Over at The Frenemy, a very angry young woman writes: "I’ve been out of college with a writing degree for almost a year now. I moved to NYC to pursue writing... but something’s been bothering me. Carrie Bradshaw, you gotta be tripping balls to have us believe that you can sustain yourself that extravagantly on that one stupid-ass column. You lying bitch! It’s a cruel joke! It hurts my feelings! You dream crushing, bone-crushing bitch." Stop trying to pretend that you can live in New York and have this overly successful life based on writing alone." (How can a pretend person pretend? The mind reels!)
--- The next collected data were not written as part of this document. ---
theorem mainTheorem2:
  fixes E :: "'n::finite set set"
  assumes "\<forall>e\<in>E. card e = 2"
    and "E \<noteq> {}"
  shows "kappa E = (SUP w\<in>facets E. ereal (kappa_w E w)) \<and>
         (\<forall>R. R \<subseteq> facets E \<and> (\<forall>w\<in>facets E. \<exists>S. switch S w \<in> R)
              \<longrightarrow> kappa E = (SUP w\<in>R. ereal (kappa_w E w)))"
proof -
  have "kappa E = (SUP w\<in>facets E. ereal (kappa_w E w))" by (rule kappa_eq_SUP_facets[OF assms])
  moreover have "(SUP w\<in>R. ereal (kappa_w E w)) = (SUP w\<in>facets E. ereal (kappa_w E w))"
    if "R \<subseteq> facets E" "\<forall>w\<in>facets E. \<exists>S. switch S w \<in> R" for R
    using that by (intro SUP_kappa_w_switching_representatives[OF assms(1)]) auto
  ultimately show ?thesis by auto
qed

end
The tirade against the television character continues, and she notes that Carrie (pre-book deal, and pre-making a lot per word at Vogue) probably made about $2,000/month (with an apartment that cost about $1,500/month, as we learned yesterday). Because why not try to prove your point against a fictional person with some fictional figures? In the end, she comes to the conclusion that Carrie is in $3,000,000,000,000 in debt, because "writing pays nothing" and Cosmos are expensive.

In real life, Sarah Jessica Parker has said that the city is pricey but "if you have the constitution and you manage to stick it out, it's well worth every obstacle and every stumbling block." Future Carries, do your research before handing over that security deposit.